What is being asked: What lines of the listing include the string "section"? Show them all.
** Opening Records block **
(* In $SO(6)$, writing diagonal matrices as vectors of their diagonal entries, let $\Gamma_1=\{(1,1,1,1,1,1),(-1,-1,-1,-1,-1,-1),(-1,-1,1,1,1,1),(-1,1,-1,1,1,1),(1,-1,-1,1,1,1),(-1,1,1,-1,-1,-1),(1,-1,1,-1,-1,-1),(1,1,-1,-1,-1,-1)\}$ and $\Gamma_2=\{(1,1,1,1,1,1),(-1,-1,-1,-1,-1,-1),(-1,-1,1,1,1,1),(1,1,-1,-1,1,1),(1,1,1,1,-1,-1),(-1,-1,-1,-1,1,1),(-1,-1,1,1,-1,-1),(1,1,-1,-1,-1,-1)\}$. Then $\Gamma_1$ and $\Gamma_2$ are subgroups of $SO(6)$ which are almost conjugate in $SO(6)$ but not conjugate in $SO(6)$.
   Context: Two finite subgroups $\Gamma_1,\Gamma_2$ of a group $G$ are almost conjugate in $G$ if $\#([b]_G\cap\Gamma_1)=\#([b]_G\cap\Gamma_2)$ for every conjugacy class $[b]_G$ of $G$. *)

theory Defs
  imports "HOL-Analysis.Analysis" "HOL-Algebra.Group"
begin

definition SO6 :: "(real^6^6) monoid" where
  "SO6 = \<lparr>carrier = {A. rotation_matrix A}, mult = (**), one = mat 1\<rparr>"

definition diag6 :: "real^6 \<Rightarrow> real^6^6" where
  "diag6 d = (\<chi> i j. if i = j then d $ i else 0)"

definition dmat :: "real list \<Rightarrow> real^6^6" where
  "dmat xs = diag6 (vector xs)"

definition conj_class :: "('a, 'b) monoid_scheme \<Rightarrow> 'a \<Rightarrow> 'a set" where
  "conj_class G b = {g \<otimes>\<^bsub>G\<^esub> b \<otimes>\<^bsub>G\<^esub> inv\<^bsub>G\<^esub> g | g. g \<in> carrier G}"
** Closing Records block **
** Opening Records block **
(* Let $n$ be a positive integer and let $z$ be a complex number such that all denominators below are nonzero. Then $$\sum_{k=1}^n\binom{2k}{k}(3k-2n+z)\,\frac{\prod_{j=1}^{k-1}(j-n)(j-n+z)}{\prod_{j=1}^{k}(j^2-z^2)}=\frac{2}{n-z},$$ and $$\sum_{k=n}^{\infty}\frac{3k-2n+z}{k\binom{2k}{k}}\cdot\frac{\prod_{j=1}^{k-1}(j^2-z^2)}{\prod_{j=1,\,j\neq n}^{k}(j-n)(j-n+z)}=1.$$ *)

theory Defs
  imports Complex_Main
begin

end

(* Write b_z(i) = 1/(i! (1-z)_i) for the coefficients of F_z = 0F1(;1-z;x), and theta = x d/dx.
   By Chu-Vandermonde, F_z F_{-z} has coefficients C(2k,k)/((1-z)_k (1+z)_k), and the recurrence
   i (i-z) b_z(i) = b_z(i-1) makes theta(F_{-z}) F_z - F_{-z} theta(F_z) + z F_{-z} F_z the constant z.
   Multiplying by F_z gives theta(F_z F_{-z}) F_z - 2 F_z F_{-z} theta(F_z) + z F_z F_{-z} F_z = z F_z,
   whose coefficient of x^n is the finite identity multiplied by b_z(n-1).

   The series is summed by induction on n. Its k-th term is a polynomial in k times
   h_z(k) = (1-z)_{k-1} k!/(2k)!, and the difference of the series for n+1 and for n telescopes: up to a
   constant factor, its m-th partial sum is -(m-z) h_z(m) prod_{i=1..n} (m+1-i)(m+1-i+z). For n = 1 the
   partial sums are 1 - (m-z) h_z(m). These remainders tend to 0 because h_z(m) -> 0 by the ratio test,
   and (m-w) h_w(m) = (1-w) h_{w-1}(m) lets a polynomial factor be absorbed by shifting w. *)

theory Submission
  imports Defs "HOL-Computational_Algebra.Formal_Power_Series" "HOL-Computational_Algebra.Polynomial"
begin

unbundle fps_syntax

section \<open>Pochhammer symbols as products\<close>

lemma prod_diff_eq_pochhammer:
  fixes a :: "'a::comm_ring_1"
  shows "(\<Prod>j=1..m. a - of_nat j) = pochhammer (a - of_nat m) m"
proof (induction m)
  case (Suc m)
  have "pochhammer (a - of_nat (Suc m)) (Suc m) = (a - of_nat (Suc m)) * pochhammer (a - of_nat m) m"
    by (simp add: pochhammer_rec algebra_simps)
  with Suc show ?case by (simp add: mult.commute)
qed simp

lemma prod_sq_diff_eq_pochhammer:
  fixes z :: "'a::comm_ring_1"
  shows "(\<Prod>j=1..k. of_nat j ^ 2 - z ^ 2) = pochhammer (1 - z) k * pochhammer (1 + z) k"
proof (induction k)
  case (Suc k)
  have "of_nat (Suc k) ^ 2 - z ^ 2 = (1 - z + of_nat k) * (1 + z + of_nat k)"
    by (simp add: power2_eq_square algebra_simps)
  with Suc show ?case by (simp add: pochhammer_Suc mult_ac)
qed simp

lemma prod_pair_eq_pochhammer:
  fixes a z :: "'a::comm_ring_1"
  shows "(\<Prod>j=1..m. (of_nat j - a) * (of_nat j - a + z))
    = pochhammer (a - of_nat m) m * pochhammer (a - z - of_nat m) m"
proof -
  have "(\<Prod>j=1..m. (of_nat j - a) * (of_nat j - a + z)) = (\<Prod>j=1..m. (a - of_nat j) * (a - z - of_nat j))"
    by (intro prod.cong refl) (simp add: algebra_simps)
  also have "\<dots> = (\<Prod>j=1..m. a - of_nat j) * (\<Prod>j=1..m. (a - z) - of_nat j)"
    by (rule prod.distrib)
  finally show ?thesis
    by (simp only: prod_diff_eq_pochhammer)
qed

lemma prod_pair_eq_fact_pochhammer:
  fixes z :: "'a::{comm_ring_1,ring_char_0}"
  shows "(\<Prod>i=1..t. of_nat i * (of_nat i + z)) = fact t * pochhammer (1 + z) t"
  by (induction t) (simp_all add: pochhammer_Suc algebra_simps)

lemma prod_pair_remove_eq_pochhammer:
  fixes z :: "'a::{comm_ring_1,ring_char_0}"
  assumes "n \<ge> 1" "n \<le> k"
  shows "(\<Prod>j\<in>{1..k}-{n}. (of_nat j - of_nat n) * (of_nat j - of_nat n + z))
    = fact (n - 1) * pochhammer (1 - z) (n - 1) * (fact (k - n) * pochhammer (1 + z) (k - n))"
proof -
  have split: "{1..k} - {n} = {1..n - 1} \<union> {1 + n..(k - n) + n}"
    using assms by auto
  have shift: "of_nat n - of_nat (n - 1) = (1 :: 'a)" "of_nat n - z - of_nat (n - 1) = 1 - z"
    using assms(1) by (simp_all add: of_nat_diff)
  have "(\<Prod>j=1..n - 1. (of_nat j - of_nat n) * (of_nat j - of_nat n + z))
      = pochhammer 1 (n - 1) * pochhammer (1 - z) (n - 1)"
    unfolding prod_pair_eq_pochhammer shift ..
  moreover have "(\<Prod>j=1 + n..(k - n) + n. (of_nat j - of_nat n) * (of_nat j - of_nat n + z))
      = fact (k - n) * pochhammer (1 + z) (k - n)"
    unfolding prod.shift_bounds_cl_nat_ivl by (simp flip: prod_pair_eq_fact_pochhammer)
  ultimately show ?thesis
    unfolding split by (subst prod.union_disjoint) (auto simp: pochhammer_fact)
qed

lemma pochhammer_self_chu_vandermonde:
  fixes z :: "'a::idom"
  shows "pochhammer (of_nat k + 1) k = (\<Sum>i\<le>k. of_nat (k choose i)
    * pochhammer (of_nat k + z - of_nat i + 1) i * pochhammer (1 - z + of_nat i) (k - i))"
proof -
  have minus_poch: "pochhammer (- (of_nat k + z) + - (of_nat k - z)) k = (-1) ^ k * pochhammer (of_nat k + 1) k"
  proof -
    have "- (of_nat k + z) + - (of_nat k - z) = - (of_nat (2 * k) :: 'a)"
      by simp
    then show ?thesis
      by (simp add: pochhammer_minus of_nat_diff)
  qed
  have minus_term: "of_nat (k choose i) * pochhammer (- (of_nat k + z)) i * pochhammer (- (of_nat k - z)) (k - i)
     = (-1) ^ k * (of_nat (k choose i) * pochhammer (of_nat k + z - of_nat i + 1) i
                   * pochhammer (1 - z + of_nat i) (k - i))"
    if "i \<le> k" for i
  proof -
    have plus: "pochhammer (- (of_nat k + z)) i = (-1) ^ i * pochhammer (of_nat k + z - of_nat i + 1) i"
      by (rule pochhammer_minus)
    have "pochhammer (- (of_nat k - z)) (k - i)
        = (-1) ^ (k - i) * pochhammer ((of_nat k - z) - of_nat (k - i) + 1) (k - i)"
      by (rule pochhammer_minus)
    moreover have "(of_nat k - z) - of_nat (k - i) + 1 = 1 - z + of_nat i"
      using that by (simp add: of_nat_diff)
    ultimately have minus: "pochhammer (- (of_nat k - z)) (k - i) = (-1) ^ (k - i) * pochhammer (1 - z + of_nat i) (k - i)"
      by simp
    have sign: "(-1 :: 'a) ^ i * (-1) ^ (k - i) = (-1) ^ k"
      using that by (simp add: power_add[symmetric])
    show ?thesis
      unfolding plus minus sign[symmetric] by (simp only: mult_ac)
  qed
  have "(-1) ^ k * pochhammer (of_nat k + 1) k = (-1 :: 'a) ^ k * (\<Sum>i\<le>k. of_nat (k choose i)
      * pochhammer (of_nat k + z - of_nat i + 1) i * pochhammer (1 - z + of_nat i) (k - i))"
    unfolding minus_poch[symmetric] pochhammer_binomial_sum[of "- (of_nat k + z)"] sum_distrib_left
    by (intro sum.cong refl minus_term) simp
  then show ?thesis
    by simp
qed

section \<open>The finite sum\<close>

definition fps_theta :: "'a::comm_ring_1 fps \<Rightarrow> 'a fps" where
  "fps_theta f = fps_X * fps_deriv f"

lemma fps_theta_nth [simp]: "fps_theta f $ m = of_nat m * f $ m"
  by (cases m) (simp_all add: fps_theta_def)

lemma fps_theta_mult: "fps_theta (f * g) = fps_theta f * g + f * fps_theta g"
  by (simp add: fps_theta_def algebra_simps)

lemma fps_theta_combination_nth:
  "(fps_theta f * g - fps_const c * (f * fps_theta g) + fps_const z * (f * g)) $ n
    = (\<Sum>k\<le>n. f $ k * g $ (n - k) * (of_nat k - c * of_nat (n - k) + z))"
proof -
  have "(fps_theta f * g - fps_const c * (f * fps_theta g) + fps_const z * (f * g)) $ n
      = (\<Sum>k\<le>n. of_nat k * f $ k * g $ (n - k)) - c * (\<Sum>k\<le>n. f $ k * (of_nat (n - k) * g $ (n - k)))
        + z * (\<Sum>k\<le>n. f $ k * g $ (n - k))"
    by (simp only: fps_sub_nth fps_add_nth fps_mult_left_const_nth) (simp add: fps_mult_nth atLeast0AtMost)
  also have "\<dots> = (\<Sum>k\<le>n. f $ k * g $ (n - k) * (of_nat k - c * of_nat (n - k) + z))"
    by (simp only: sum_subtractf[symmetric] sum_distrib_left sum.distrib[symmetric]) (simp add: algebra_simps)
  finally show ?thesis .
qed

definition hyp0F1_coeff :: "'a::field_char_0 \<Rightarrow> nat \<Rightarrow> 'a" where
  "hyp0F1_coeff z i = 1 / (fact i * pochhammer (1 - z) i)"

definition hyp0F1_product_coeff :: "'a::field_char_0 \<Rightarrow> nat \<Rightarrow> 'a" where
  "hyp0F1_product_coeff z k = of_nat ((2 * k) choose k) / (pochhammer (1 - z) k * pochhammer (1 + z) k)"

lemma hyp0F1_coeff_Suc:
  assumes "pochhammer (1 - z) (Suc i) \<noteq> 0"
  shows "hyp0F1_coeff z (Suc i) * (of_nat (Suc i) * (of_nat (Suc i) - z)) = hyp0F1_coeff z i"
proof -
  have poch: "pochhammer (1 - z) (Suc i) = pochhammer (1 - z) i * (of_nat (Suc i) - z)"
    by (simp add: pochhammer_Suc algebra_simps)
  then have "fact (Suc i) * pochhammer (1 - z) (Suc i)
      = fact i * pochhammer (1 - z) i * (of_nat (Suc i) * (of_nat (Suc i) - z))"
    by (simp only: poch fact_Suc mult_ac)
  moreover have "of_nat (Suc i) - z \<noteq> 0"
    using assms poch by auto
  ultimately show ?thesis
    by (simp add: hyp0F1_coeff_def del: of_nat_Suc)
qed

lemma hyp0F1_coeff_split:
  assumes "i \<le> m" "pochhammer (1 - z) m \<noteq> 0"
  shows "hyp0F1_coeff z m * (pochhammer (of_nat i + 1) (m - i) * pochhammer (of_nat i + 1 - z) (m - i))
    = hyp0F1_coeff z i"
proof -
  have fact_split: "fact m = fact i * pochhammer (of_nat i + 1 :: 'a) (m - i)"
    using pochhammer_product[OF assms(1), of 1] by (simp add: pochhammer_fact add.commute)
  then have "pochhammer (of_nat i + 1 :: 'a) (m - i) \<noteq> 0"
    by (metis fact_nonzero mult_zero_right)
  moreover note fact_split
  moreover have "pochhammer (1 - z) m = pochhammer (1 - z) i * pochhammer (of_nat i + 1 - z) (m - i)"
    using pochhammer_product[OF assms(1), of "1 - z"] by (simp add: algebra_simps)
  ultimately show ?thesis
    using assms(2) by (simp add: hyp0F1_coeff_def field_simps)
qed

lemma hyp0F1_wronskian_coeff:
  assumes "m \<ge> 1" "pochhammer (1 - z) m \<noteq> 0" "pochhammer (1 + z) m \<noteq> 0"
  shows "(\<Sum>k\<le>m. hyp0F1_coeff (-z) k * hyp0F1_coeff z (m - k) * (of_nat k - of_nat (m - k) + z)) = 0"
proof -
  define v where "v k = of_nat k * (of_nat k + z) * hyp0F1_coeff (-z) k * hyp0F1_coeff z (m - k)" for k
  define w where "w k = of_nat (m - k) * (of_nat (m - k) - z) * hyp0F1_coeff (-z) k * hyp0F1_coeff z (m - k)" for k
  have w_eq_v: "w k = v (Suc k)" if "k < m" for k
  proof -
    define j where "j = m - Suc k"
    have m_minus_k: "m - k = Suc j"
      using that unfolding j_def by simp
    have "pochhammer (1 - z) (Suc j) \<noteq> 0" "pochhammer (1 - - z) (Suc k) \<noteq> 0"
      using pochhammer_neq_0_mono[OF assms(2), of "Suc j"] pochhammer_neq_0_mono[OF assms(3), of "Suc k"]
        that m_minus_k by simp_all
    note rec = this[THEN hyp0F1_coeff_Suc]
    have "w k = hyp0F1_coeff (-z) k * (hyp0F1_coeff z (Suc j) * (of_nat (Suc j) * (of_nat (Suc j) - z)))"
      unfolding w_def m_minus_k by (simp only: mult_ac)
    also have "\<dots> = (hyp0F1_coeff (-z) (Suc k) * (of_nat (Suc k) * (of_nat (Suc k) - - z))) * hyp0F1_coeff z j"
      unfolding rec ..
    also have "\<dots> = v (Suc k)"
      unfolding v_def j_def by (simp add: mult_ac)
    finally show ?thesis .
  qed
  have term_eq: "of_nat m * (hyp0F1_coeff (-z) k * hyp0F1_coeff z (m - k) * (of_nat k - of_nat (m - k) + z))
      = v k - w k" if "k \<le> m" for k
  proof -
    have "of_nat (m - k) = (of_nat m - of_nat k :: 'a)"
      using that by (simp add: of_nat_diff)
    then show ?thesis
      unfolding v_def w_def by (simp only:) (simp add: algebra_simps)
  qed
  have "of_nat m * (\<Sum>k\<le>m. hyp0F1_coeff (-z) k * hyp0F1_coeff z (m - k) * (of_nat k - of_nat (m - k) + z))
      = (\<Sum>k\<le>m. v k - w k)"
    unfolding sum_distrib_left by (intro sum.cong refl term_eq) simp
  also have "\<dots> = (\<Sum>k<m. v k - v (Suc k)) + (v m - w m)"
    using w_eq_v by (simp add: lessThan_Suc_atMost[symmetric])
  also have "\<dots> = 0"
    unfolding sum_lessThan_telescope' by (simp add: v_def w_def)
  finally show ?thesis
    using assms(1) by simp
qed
** Closing Records block **
** Opening Records block **
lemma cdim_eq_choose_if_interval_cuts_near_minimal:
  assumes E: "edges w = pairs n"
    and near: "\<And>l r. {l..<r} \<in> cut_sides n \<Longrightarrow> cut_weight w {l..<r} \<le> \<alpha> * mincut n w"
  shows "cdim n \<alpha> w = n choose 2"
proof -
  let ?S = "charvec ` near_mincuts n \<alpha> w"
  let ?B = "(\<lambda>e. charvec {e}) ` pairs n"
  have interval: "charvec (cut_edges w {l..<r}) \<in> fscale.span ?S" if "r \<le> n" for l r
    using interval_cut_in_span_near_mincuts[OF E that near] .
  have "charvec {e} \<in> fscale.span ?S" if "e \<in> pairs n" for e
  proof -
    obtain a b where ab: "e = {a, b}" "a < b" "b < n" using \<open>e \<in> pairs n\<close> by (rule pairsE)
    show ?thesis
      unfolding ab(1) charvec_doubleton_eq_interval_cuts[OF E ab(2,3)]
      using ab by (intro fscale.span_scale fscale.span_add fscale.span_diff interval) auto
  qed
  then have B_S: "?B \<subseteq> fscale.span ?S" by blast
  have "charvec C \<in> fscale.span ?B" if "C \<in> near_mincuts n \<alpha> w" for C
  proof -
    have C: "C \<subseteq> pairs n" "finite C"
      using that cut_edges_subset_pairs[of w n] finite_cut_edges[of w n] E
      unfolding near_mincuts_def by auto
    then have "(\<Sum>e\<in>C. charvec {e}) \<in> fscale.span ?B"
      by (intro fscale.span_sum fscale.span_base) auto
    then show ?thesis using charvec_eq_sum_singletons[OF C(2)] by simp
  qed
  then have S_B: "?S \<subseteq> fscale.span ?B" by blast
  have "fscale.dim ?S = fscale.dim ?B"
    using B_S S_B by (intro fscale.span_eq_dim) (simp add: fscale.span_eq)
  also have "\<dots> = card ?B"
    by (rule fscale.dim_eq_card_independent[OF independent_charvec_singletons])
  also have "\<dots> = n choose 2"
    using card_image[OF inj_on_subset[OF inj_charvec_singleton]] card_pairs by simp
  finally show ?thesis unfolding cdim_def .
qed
** Closing Records block **
Output below:
section \<open>Pochhammer symbols as products\<close>
section \<open>The finite sum\<close>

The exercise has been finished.